From emissions to explanations

what’s next?

  • customer-level understanding

  • key emission drivers

  • actionable guidance

Learning task

model NeuralMOVES-estimated emissions as a function of structural, behavioural, and contextual features.

Surrogate model

setup

observations: box-recording -> trip -> customer

target: log-transformed NeuralMOVES estimated emissions per km

  • aggregation of trip-level \(\text{CO}_2\_{\text{g/km}}\) to obtain customer-level target values

vehicle & driver context features

  • fuel / segment / power
  • registration year (emission standards proxy)
  • age class
  • geography / area

driving behaviour features

  • trip duration / distance structure
  • speed level (median/mean)
  • speed variability
  • share of short trips

Candidate models

baseline

Tree-based models

Surrogate model performance (RMSE, cross-validation)

Takeaway

XGBoost achieves the lowest RMSE (≈18% improvement over Random Forest), while Elastic Net underfits — nonlinear behavioural effects are essential.
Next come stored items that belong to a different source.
(* Let $S,T\subseteq[r]$. If $S$ dominates $T$, then $T\subseteq S$.
   Context: For $\pi=a_1\cdots a_{r+1}\in S_{r+1}$, its descent set is $\{i\in[r]:a_i>a_{i+1}\}$, and $D(S)$ is the set of permutations in $S_{r+1}$ with descent set $S$. The inversion set is $I(\pi)=\{(a_i,a_j):i<j,\ a_i>a_j\}$; $\pi\le_w\pi'$ iff $I(\pi)\subseteq I(\pi')$ (weak Bruhat order). $S$ dominates $T$ if there is an injection $\phi:D(T)\to D(S)$ with $\pi\le_w\phi(\pi)$ for all $\pi\in D(T)$. *)

theory Defs
  imports Main
begin

text \<open>Permutations of [r+1] = {1..r+1} in one-line notation a_1 ... a_{r+1},
  represented as lists; the list index i-1 holds a_i.\<close>

definition perms :: "nat \<Rightarrow> nat list set" where
  "perms n = {xs. distinct xs \<and> set xs = {1..n}}"

definition descent_set :: "nat list \<Rightarrow> nat set" where
  "descent_set xs = {i. 1 \<le> i \<and> i < length xs \<and> xs ! (i - 1) > xs ! i}"

definition Dset :: "nat \<Rightarrow> nat set \<Rightarrow> nat list set" where
  "Dset r S = {xs \<in> perms (r + 1). descent_set xs = S}"

definition inv_set :: "nat list \<Rightarrow> (nat \<times> nat) set" where
  "inv_set xs = {(xs ! i, xs ! j) | i j. i < j \<and> j < length xs \<and> xs ! i > xs ! j}"

definition weak_le :: "nat list \<Rightarrow> nat list \<Rightarrow> bool" where
  "weak_le p q \<longleftrightarrow> inv_set p \<subseteq> inv_set q"

definition dominates :: "nat \<Rightarrow> nat set \<Rightarrow> nat set \<Rightarrow> bool" where
  "dominates r S T \<longleftrightarrow>
     (\<exists>\<phi>. \<phi> ` Dset r T \<subseteq> Dset r S \<and> inj_on \<phi> (Dset r T)
          \<and> (\<forall>\<pi>\<in>Dset r T. weak_le \<pi> (\<phi> \<pi>)))"

end

theory Submission
  imports Defs
begin

text \<open>Take \<open>\<pi> \<in> D(T)\<close> (in fact its weak-order maximum) such that for every \<open>i \<in> T\<close>,
  each entry in positions \<open>1..i\<close> exceeds each entry in positions \<open>i+1..r+1\<close>.
  Then every pair of values straddling position \<open>i\<close> is an inversion of \<open>\<pi>\<close>; any \<open>\<sigma> \<ge>\<^sub>w \<pi>\<close>
  inherits these inversions, which forces \<open>\<sigma>\<close> to carry the same \<open>i\<close> large values in its
  first \<open>i\<close> positions, so \<open>\<sigma>\<close> has a descent at \<open>i\<close>. Applied to \<open>\<sigma> = \<phi>(\<pi>) \<in> D(S)\<close>,
  this gives \<open>T \<subseteq> S\<close>.\<close>

definition separated_at :: "nat list \<Rightarrow> nat \<Rightarrow> bool" where
  "separated_at xs i \<longleftrightarrow> (\<forall>p q. p < i \<longrightarrow> i \<le> q \<longrightarrow> q < length xs \<longrightarrow> xs ! q < xs ! p)"

lemma perms_length: "xs \<in> perms n \<Longrightarrow> length xs = n"
  unfolding perms_def using distinct_card by fastforce

lemma perms_intro:
  assumes "distinct xs" "length xs = n" "set xs \<subseteq> {1..n}"
  shows "xs \<in> perms n"
proof -
  have "card (set xs) = card {1..n}" using assms distinct_card by fastforce
  then have "set xs = {1..n}" using assms(3) by (simp add: card_subset_eq)
  then show ?thesis using assms unfolding perms_def by auto
qed

lemma inv_set_nth_iff:
  assumes "distinct xs" "p < length xs" "q < length xs"
  shows "(xs ! p, xs ! q) \<in> inv_set xs \<longleftrightarrow> p < q \<and> xs ! q < xs ! p"
  using assms by (auto simp: inv_set_def nth_eq_iff_index_eq)

lemma descent_set_map_strict_mono:
  assumes "strict_mono g"
  shows "descent_set (map g xs) = descent_set xs"
  unfolding descent_set_def using strict_mono_less[OF assms] by auto

lemma descent_set_snoc:
  assumes "xs \<noteq> []"
  shows "descent_set (xs @ [z]) = descent_set xs \<union> (if z < last xs then {length xs} else {})"
proof (rule set_eqI)
  fix k
  have "last xs = xs ! (length xs - 1)" "1 \<le> length xs"
    using assms by (auto simp: last_conv_nth Suc_le_eq)
  then consider "k < length xs" | "k = length xs" | "k > length xs" by linarith
  then show "k \<in> descent_set (xs @ [z]) \<longleftrightarrow>
      k \<in> descent_set xs \<union> (if z < last xs then {length xs} else {})"
    by cases (use \<open>last xs = _\<close> \<open>1 \<le> length xs\<close> in \<open>auto simp: descent_set_def nth_append\<close>)
qed

lemma separated_at_imp_descent:
  assumes "separated_at xs i" "1 \<le> i" "i < length xs"
  shows "i \<in> descent_set xs"
  using assms unfolding separated_at_def descent_set_def by simp

lemma nth_mem_iff_less_card:
  assumes dist: "distinct xs" and "A \<subseteq> set xs" and j: "j < length xs"
    and precede: "\<And>p q. p < length xs \<Longrightarrow> q < length xs \<Longrightarrow> xs ! p \<in> A \<Longrightarrow> xs ! q \<notin> A \<Longrightarrow> p < q"
  shows "xs ! j \<in> A \<longleftrightarrow> j < card A"
proof
  assume "xs ! j \<in> A"
  have "set xs - A \<subseteq> set (drop (Suc j) xs)"
  proof
    fix b assume "b \<in> set xs - A"
    then obtain q where "q < length xs" "xs ! q = b" "b \<notin> A" by (auto simp: in_set_conv_nth)
    moreover from this have "j < q" using precede j \<open>xs ! j \<in> A\<close> by blast
    ultimately show "b \<in> set (drop (Suc j) xs)"
      by (auto simp: in_set_conv_nth intro!: exI[of _ "q - Suc j"])
  qed
  then have "card (set xs - A) \<le> length xs - Suc j"
    by (metis List.finite_set card_length card_mono length_drop order_trans)
  moreover have "card (set xs - A) = length xs - card A"
    using assms by (simp add: card_Diff_subset distinct_card finite_subset)
  ultimately show "j < card A" using j by linarith
next
  assume "j < card A"
  show "xs ! j \<in> A"
  proof (rule ccontr)
    assume "xs ! j \<notin> A"
    have "A \<subseteq> set (take j xs)"
    proof
      fix a assume "a \<in> A"
      then obtain p where "p < length xs" "xs ! p = a"
        using \<open>A \<subseteq> set xs\<close> by (metis in_set_conv_nth subsetD)
      moreover from this have "p < j" using precede j \<open>xs ! j \<notin> A\<close> \<open>a \<in> A\<close> by blast
      ultimately show "a \<in> set (take j xs)" by (auto simp: in_set_conv_nth)
    qed
    then have "card A \<le> j"
      by (metis List.finite_set card_length card_mono length_take min.bounded_iff order_trans)
    with \<open>j < card A\<close> show False by simp
  qed
qed

lemma weak_le_preserves_separated_at:
  assumes \<pi>: "\<pi> \<in> perms n" and \<sigma>: "\<sigma> \<in> perms n" and "weak_le \<pi> \<sigma>"
    and sep: "separated_at \<pi> i" and "i \<le> n"
  shows "separated_at \<sigma> i"
proof -
  have len: "length \<pi> = n" "length \<sigma> = n" using \<pi> \<sigma> perms_length by auto
  have dist: "distinct \<pi>" "distinct \<sigma>" and "set \<sigma> = set \<pi>" using \<pi> \<sigma> unfolding perms_def by auto
  define A where "A = set (take i \<pi>)"
  have B: "set \<sigma> - A = set (drop i \<pi>)"
  proof -
    have "set \<pi> = A \<union> set (drop i \<pi>)" "A \<inter> set (drop i \<pi>) = {}"
      using dist(1) unfolding A_def by (metis append_take_drop_id set_append distinct_append)+
    then show ?thesis using \<open>set \<sigma> = set \<pi>\<close> by blast
  qed
  have straddling_inv: "(a, b) \<in> inv_set \<sigma>" if "a \<in> A" "b \<in> set \<sigma> - A" for a b
  proof -
    obtain p where p: "p < i" "\<pi> ! p = a"
      using \<open>a \<in> A\<close> \<open>i \<le> n\<close> len unfolding A_def by (auto simp: in_set_conv_nth)
    obtain k where "k < length (drop i \<pi>)" "drop i \<pi> ! k = b"
      using \<open>b \<in> set \<sigma> - A\<close> unfolding B in_set_conv_nth by blast
    then have q: "i \<le> i + k" "i + k < n" "\<pi> ! (i + k) = b" using len \<open>i \<le> n\<close> by auto
    have "\<pi> ! (i + k) < \<pi> ! p" using p(1) q(1,2) sep len unfolding separated_at_def by blast
    moreover have "p < i + k" "i + k < length \<pi>" using p(1) q(2) len by auto
    ultimately have "(\<pi> ! p, \<pi> ! (i + k)) \<in> inv_set \<pi>" unfolding inv_set_def by blast
    with \<open>weak_le \<pi> \<sigma>\<close> p(2) q(3) show ?thesis unfolding weak_le_def by blast
  qed
  have card_A: "card A = i" using dist(1) len \<open>i \<le> n\<close> unfolding A_def by (simp add: distinct_card)
  have prefix: "\<sigma> ! j \<in> A \<longleftrightarrow> j < i" if "j < n" for j
  proof -
    have "p < q" if "p < n" "q < n" "\<sigma> ! p \<in> A" "\<sigma> ! q \<notin> A" for p q
      using straddling_inv[of "\<sigma> ! p" "\<sigma> ! q"] that inv_set_nth_iff[OF dist(2)] len by auto
    then show ?thesis
      using nth_mem_iff_less_card[OF dist(2), of A j] \<open>j < n\<close> card_A len \<open>set \<sigma> = set \<pi>\<close>
      unfolding A_def by (auto simp: set_take_subset)
  qed
  show ?thesis unfolding separated_at_def
  proof (intro allI impI)
    fix p q assume "p < i" "i \<le> q" "q < length \<sigma>"
    then have "\<sigma> ! p \<in> A" "\<sigma> ! q \<in> set \<sigma> - A" using prefix len \<open>i \<le> n\<close> by auto
    from straddling_inv[OF this] show "\<sigma> ! q < \<sigma> ! p"
      using inv_set_nth_iff[OF dist(2)] \<open>p < i\<close> \<open>i \<le> q\<close> \<open>q < length \<sigma>\<close> by auto
  qed
qed

definition shift_from :: "nat \<Rightarrow> nat \<Rightarrow> nat" where
  "shift_from v x = (if v \<le> x then Suc x else x)"

lemma strict_mono_shift_from: "strict_mono (shift_from v)"
  by (auto simp: strict_mono_def shift_from_def)

definition append_shifted :: "nat \<Rightarrow> nat list \<Rightarrow> nat list" where
  "append_shifted v xs = map (shift_from v) xs @ [v]"

lemma append_shifted_perms:
  assumes "xs \<in> perms n" "1 \<le> v" "v \<le> Suc n"
  shows "append_shifted v xs \<in> perms (Suc n)"
proof (rule perms_intro)
  show "distinct (append_shifted v xs)"
    using assms(1) strict_mono_imp_inj_on[OF strict_mono_shift_from]
    unfolding append_shifted_def perms_def by (auto simp: distinct_map inj_on_subset shift_from_def)
  show "length (append_shifted v xs) = Suc n"
    using perms_length[OF assms(1)] unfolding append_shifted_def by simp
  show "set (append_shifted v xs) \<subseteq> {1..Suc n}"
    using assms unfolding append_shifted_def perms_def shift_from_def by auto
qed

lemma descent_set_append_shifted:
  assumes "xs \<noteq> []"
  shows "descent_set (append_shifted v xs)
    = descent_set xs \<union> (if v \<le> last xs then {length xs} else {})"
  using assms unfolding append_shifted_def
  by (auto simp: descent_set_snoc descent_set_map_strict_mono strict_mono_shift_from last_map
      shift_from_def)

lemma separated_at_append_shifted:
  assumes sep: "separated_at xs i" and "i \<le> length xs" and below: "\<And>p. p < i \<Longrightarrow> v \<le> xs ! p"
  shows "separated_at (append_shifted v xs) i"
  unfolding separated_at_def
proof (intro allI impI)
  fix p q assume "p < i" "i \<le> q" "q < length (append_shifted v xs)"
  then have nth_p: "append_shifted v xs ! p = Suc (xs ! p)"
    using \<open>i \<le> length xs\<close> below by (simp add: append_shifted_def nth_append shift_from_def)
  show "append_shifted v xs ! q < append_shifted v xs ! p"
  proof (cases "q < length xs")
    case True
    then have "shift_from v (xs ! q) < shift_from v (xs ! p)"
      using sep \<open>p < i\<close> \<open>i \<le> q\<close> strict_mono_less[OF strict_mono_shift_from]
      unfolding separated_at_def by blast
    then show ?thesis
      using True \<open>p < i\<close> \<open>i \<le> q\<close> unfolding append_shifted_def by (simp add: nth_append)
  next
    case False
    then have "append_shifted v xs ! q = v"
      using \<open>q < length (append_shifted v xs)\<close> by (simp add: append_shifted_def nth_append)
    then show ?thesis using nth_p below[OF \<open>p < i\<close>] by simp
  qed
qed

lemma Dset_has_separated_member:
  assumes "T \<subseteq> {1..r}"
  shows "\<exists>xs \<in> Dset r T. \<forall>i \<in> T. separated_at xs i"
  using assms
proof (induction r arbitrary: T)
  case 0
  then have "T = {}" by auto
  moreover have "[1] \<in> Dset 0 {}"
    unfolding Dset_def perms_def descent_set_def by auto
  ultimately show ?case by blast
next
  case (Suc r)
  define T' where "T' = T - {Suc r}"
  have "T' \<subseteq> {1..r}" using Suc.prems unfolding T'_def by auto
  from Suc.IH[OF this] obtain xs where "xs \<in> Dset r T'" and sep: "\<forall>i \<in> T'. separated_at xs i"
    by blast
  then have xs: "xs \<in> perms (Suc r)" "descent_set xs = T'" unfolding Dset_def by auto
  have len: "length xs = Suc r" using xs(1) perms_length by blast
  have "xs \<noteq> []" using len by auto
  then have last: "last xs = xs ! r" "last xs \<in> {1..Suc r}"
    using last_in_set[of xs] xs(1) len unfolding perms_def by (auto simp: last_conv_nth)
  txt \<open>Appending the value \<open>1\<close> creates the descent at \<open>r + 1\<close>; appending \<open>last xs + 1\<close>
    avoids it while staying below every entry that precedes an earlier descent.\<close>
  show ?case
  proof (cases "Suc r \<in> T")
    case True
    have "append_shifted 1 xs \<in> Dset (Suc r) T"
      using append_shifted_perms[OF xs(1)] descent_set_append_shifted[OF \<open>xs \<noteq> []\<close>, of 1]
        xs(2) len last True unfolding Dset_def T'_def by auto
    moreover have "separated_at (append_shifted 1 xs) i" if "i \<in> T" for i
    proof (rule separated_at_append_shifted)
      show "separated_at xs i"
        using sep that len unfolding T'_def separated_at_def by (cases "i = Suc r") auto
      show "i \<le> length xs" using that Suc.prems len by auto
      show "1 \<le> xs ! p" if "p < i" for p
        using that \<open>i \<le> length xs\<close> xs(1) unfolding perms_def by (auto dest: nth_mem)
    qed
    ultimately show ?thesis by blast
  next
    case False
    then have "T' = T" unfolding T'_def by auto
    have "append_shifted (Suc (last xs)) xs \<in> Dset (Suc r) T"
      using append_shifted_perms[OF xs(1)]
        descent_set_append_shifted[OF \<open>xs \<noteq> []\<close>, of "Suc (last xs)"] xs(2) len last \<open>T' = T\<close> unfolding Dset_def by auto
    moreover have "separated_at (append_shifted (Suc (last xs)) xs) i" if "i \<in> T" for i
    proof (rule separated_at_append_shifted)
      show "separated_at xs i" using sep that \<open>T' = T\<close> by blast
      have "i \<le> r" using that \<open>T' = T\<close> \<open>T' \<subseteq> {1..r}\<close> by auto
      then show "i \<le> length xs" using len by simp
      show "Suc (last xs) \<le> xs ! p" if "p < i" for p
        using \<open>separated_at xs i\<close> that \<open>i \<le> r\<close> len last(1)
        unfolding separated_at_def by (simp add: Suc_le_eq)
    qed
    ultimately show ?thesis by blast
  qed
qed

theorem proposition5p4:
  fixes r :: nat and S T :: "nat set"
  assumes "S \<subseteq> {1..r}" and "T \<subseteq> {1..r}"
    and "dominates r S T"
  shows "T \<subseteq> S"
proof
  fix i assume "i \<in> T"
  obtain \<phi> where \<phi>: "\<phi> ` Dset r T \<subseteq> Dset r S" "\<forall>\<pi> \<in> Dset r T. weak_le \<pi> (\<phi> \<pi>)"
    using assms(3) unfolding dominates_def by blast
  obtain \<pi> where \<pi>: "\<pi> \<in> Dset r T" and "separated_at \<pi> i"
    using Dset_has_separated_member[OF assms(2)] \<open>i \<in> T\<close> by blast
  have \<phi>\<pi>: "\<phi> \<pi> \<in> Dset r S" using \<phi>(1) \<pi> by blast
  have i: "1 \<le> i" "i < Suc r" using \<open>i \<in> T\<close> assms(2) by auto
  have "separated_at (\<phi> \<pi>) i"
    using weak_le_preserves_separated_at[of \<pi> "Suc r" "\<phi> \<pi>" i] \<pi> \<phi>\<pi> \<phi>(2)
      \<open>separated_at \<pi> i\<close> i unfolding Dset_def by auto
  then have "i \<in> descent_set (\<phi> \<pi>)"
    using separated_at_imp_descent i \<phi>\<pi> perms_length unfolding Dset_def by auto
  then show "i \<in> S" using \<phi>\<pi> unfolding Dset_def by auto
qed

end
Local model-agnostic explanations

intuition: from linear regression to SHAP (Lundberg & Lee, 2017)

Linear regression (observation \(i\))

\[ \hat y_i = \beta_0 + \sum_{j=1}^p \beta_j x_{ij} \]

Each term \(\beta_j x_{ij}\) is the contribution of feature \(j\) for observation \(i\).

SHAP decomposition (any model)

\[ f(\mathbf{x}_i) = \phi_0 + \sum_{j=1}^p \phi_{ij} \]

Each \(\phi_{ij}\) is the SHAP value associated with feature \(j\) for observation \(i\).

Why is it called SHAP?

Cooperative game theory

SHAP stands for:

SHapley Additive exPlanations

It is based on Shapley values from cooperative game theory (Shapley, 1953).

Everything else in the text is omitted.